### Required action
Beneath this line are the data; copy exactly the part of them that opens with the line containing "using cut_admissibleD[OF assms(2,4)]" and closes with the line containing "B \<Gamma>1)) \<phi> \<Longrightarrow>", and only that part.

### The data
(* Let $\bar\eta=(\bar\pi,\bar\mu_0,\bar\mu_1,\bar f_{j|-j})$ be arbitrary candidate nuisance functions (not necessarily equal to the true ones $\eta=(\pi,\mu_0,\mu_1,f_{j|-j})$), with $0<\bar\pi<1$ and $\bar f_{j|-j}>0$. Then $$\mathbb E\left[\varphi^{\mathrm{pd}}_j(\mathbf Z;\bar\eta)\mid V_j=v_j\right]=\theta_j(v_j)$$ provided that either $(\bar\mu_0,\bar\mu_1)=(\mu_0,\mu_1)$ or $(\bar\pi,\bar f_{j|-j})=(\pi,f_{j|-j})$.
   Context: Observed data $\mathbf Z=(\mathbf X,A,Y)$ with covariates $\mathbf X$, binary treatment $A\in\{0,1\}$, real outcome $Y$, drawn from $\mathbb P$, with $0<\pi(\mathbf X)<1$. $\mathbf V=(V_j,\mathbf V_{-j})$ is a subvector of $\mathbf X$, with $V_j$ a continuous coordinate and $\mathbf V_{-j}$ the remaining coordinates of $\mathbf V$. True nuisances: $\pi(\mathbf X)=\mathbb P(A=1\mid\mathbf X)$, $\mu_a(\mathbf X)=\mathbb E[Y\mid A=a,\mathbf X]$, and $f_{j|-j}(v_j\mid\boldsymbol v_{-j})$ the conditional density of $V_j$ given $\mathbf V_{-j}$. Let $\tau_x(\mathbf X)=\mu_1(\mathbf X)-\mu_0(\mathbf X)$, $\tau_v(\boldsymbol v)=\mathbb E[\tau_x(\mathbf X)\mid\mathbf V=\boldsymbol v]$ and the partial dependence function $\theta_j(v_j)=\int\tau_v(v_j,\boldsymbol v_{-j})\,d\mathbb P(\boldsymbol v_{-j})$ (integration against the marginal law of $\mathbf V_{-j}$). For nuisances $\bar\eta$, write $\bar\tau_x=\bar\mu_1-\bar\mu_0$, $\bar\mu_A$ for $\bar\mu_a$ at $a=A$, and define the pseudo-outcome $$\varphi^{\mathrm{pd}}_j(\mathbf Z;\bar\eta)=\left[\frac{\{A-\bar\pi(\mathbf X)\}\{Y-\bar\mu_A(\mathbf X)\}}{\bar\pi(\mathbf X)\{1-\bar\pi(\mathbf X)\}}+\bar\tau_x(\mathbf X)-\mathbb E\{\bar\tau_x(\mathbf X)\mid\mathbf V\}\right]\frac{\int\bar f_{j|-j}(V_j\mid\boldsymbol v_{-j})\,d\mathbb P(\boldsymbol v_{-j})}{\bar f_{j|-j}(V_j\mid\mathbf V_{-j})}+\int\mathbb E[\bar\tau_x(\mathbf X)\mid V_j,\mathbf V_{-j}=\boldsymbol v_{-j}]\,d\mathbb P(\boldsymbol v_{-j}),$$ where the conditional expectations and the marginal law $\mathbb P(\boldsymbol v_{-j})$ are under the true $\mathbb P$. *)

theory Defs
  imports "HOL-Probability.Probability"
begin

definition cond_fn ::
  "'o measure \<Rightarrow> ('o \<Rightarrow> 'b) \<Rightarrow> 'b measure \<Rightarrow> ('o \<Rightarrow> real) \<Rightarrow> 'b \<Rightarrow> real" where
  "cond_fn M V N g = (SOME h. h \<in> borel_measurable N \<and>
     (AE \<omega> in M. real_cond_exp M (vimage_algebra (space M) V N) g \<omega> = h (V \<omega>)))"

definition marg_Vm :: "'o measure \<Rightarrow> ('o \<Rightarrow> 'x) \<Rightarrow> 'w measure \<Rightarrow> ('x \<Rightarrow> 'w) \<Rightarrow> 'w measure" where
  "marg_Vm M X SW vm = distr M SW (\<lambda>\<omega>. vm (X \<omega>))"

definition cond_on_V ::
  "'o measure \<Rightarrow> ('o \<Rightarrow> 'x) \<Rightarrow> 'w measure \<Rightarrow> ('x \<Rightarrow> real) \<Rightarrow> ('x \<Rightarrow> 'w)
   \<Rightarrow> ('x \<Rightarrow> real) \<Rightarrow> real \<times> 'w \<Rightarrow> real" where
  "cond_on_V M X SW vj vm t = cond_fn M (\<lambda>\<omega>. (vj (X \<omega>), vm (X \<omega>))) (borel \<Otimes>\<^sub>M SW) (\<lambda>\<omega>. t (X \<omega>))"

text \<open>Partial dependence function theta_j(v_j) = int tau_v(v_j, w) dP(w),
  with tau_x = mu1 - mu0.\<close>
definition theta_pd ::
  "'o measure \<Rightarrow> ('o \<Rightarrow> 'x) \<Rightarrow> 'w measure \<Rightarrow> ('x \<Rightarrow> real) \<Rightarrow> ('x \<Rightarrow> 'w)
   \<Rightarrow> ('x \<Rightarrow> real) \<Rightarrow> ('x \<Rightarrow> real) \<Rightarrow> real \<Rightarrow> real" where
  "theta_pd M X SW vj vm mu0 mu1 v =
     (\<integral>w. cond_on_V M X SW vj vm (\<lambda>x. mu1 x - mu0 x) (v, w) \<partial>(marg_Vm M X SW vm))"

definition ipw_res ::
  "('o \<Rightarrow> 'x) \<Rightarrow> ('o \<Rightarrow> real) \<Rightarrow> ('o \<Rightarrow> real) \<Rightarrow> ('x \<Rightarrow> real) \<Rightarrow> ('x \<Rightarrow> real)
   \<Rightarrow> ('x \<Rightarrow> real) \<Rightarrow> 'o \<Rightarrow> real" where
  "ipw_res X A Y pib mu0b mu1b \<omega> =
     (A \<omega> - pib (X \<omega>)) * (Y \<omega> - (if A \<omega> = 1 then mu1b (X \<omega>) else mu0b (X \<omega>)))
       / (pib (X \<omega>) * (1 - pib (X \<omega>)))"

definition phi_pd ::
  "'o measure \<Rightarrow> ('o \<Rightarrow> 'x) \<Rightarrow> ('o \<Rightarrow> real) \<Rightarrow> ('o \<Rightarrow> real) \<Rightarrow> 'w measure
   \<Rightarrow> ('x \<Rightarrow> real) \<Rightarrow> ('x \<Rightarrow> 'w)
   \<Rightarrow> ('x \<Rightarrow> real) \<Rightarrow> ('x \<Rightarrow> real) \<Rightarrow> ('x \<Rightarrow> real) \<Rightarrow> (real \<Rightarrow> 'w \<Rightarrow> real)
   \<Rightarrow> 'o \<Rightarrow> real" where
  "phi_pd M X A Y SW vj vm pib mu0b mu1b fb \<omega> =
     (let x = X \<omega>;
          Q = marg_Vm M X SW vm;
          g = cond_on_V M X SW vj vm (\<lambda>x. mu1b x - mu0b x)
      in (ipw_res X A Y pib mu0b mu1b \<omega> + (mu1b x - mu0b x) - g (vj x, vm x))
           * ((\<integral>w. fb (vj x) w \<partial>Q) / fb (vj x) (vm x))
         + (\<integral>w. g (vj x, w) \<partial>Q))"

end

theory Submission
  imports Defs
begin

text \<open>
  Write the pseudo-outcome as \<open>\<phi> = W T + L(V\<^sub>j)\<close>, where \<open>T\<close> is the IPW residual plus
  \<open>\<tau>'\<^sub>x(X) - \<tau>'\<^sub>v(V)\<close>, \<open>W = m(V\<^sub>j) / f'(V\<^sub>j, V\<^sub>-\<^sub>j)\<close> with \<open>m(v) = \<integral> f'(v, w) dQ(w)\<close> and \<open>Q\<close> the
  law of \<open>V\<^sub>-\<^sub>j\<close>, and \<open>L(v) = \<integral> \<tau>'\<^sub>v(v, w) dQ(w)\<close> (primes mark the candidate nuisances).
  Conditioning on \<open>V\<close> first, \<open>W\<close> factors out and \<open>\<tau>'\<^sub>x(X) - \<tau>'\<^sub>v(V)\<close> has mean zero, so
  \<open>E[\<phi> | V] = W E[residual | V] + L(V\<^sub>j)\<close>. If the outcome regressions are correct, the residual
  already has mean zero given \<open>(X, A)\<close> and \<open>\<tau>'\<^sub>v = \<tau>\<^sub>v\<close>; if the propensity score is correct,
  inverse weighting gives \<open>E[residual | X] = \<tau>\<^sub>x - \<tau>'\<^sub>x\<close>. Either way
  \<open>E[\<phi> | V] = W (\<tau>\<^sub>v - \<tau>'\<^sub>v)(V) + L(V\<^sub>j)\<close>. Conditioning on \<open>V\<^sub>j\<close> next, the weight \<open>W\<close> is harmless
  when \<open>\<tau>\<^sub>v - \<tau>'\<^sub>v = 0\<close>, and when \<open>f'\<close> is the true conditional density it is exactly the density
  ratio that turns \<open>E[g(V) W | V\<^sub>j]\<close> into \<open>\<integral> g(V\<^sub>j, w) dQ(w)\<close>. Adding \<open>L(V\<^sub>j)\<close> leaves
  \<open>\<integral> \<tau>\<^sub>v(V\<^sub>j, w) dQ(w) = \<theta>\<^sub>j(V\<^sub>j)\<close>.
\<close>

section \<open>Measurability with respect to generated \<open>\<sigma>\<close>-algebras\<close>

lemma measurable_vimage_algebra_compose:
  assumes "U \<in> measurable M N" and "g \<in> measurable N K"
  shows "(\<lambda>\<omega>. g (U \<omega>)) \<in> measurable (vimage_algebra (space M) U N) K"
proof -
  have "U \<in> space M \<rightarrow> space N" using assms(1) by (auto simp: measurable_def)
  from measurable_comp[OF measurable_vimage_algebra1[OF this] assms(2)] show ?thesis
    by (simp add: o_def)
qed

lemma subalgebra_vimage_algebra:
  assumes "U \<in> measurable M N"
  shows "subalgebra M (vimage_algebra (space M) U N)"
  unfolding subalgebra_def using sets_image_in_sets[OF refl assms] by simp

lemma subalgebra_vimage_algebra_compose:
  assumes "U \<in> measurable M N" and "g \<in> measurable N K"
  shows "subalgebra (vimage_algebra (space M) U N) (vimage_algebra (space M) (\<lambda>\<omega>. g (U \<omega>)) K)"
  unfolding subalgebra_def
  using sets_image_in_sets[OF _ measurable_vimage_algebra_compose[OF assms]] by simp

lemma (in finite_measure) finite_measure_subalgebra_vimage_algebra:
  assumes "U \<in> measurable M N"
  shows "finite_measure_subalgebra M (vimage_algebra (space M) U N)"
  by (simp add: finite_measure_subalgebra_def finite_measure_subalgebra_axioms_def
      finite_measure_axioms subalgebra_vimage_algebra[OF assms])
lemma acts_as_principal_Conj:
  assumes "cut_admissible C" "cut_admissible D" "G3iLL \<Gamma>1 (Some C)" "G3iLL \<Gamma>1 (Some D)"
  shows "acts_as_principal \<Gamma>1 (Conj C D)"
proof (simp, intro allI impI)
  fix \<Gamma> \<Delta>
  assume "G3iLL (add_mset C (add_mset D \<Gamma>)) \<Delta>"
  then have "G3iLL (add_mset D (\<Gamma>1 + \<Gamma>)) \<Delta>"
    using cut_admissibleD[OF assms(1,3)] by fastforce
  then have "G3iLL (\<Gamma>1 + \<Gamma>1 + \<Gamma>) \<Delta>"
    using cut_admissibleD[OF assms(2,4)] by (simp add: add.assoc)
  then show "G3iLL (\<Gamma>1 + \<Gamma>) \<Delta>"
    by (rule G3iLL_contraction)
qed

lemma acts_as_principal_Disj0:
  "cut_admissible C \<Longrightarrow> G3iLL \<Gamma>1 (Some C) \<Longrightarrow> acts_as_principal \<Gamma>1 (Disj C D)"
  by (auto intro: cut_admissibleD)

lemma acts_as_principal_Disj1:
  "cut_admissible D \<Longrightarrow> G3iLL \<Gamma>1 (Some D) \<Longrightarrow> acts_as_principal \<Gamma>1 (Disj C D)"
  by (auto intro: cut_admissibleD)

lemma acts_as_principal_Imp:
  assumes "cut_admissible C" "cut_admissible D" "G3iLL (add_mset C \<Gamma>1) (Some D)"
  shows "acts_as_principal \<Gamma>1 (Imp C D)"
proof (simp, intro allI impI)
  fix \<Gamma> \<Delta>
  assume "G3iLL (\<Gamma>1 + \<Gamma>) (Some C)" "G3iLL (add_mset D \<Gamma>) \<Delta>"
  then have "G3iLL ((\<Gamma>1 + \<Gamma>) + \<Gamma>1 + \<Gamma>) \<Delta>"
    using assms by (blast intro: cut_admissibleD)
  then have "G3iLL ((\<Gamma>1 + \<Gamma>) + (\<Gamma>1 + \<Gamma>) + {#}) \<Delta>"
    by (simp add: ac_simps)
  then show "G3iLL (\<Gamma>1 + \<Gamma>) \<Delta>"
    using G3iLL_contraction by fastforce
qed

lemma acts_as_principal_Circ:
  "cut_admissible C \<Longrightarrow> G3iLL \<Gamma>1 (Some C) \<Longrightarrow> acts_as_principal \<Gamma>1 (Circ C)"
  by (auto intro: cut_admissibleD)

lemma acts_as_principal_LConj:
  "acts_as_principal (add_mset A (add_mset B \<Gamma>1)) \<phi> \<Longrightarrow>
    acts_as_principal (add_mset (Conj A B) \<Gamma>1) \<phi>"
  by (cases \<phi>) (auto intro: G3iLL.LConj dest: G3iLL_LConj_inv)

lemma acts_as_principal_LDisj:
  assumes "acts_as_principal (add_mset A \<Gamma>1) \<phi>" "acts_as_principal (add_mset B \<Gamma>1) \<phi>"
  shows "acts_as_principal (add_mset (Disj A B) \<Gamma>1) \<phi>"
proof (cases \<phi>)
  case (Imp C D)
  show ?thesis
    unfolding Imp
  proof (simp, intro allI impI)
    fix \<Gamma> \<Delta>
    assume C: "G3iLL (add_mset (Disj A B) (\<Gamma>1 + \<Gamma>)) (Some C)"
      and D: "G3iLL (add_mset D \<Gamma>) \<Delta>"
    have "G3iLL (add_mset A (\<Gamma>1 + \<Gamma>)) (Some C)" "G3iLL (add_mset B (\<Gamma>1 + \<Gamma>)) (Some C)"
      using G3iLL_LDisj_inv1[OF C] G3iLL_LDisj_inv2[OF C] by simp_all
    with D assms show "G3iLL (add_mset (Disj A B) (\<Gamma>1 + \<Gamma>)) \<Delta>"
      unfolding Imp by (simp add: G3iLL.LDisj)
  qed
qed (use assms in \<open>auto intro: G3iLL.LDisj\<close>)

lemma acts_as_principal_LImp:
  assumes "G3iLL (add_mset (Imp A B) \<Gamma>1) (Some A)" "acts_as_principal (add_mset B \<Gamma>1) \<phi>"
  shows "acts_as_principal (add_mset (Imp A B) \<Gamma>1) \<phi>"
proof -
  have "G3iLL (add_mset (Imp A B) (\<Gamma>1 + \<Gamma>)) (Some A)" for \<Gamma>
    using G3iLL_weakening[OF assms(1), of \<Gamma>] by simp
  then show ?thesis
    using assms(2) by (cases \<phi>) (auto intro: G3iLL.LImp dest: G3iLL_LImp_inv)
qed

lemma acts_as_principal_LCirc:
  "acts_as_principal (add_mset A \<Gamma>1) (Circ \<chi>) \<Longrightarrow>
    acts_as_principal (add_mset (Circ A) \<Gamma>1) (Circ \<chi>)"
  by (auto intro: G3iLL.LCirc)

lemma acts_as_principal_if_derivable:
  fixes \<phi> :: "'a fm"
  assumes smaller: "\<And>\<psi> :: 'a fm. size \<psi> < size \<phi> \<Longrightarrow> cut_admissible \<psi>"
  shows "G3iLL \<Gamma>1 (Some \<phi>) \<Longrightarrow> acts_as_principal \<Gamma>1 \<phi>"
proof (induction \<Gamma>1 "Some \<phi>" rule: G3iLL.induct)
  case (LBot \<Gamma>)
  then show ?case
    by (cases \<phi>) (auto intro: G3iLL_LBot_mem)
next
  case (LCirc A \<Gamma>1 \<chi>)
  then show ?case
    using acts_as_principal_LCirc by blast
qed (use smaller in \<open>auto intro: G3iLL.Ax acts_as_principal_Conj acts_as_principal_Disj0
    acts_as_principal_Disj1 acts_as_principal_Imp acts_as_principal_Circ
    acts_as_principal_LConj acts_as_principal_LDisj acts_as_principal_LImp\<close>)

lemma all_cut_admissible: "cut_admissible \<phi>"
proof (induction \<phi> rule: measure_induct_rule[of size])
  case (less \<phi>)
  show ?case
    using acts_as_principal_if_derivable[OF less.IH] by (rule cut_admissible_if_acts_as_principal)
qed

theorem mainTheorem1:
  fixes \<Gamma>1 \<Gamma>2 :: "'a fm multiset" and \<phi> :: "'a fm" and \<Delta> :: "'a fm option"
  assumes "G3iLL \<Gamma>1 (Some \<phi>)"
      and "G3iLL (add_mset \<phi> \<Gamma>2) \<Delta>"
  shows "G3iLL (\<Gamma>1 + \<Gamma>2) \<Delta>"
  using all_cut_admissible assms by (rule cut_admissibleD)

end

### Your solution
    using cut_admissibleD[OF assms(2,4)] by (simp add: add.assoc)
  then show "G3iLL (\<Gamma>1 + \<Gamma>) \<Delta>"
    by (rule G3iLL_contraction)
qed

lemma acts_as_principal_Disj0:
  "cut_admissible C \<Longrightarrow> G3iLL \<Gamma>1 (Some C) \<Longrightarrow> acts_as_principal \<Gamma>1 (Disj C D)"
  by (auto intro: cut_admissibleD)

lemma acts_as_principal_Disj1:
  "cut_admissible D \<Longrightarrow> G3iLL \<Gamma>1 (Some D) \<Longrightarrow> acts_as_principal \<Gamma>1 (Disj C D)"
  by (auto intro: cut_admissibleD)

lemma acts_as_principal_Imp:
  assumes "cut_admissible C" "cut_admissible D" "G3iLL (add_mset C \<Gamma>1) (Some D)"
  shows "acts_as_principal \<Gamma>1 (Imp C D)"
proof (simp, intro allI impI)
  fix \<Gamma> \<Delta>
  assume "G3iLL (\<Gamma>1 + \<Gamma>) (Some C)" "G3iLL (add_mset D \<Gamma>) \<Delta>"
  then have "G3iLL ((\<Gamma>1 + \<Gamma>) + \<Gamma>1 + \<Gamma>) \<Delta>"
    using assms by (blast intro: cut_admissibleD)
  then have "G3iLL ((\<Gamma>1 + \<Gamma>) + (\<Gamma>1 + \<Gamma>) + {#}) \<Delta>"
    by (simp add: ac_simps)
  then show "G3iLL (\<Gamma>1 + \<Gamma>) \<Delta>"
    using G3iLL_contraction by fastforce
qed

lemma acts_as_principal_Circ:
  "cut_admissible C \<Longrightarrow> G3iLL \<Gamma>1 (Some C) \<Longrightarrow> acts_as_principal \<Gamma>1 (Circ C)"
  by (auto intro: cut_admissibleD)

lemma acts_as_principal_LConj:
  "acts_as_principal (add_mset A (add_mset B \<Gamma>1)) \<phi> \<Longrightarrow>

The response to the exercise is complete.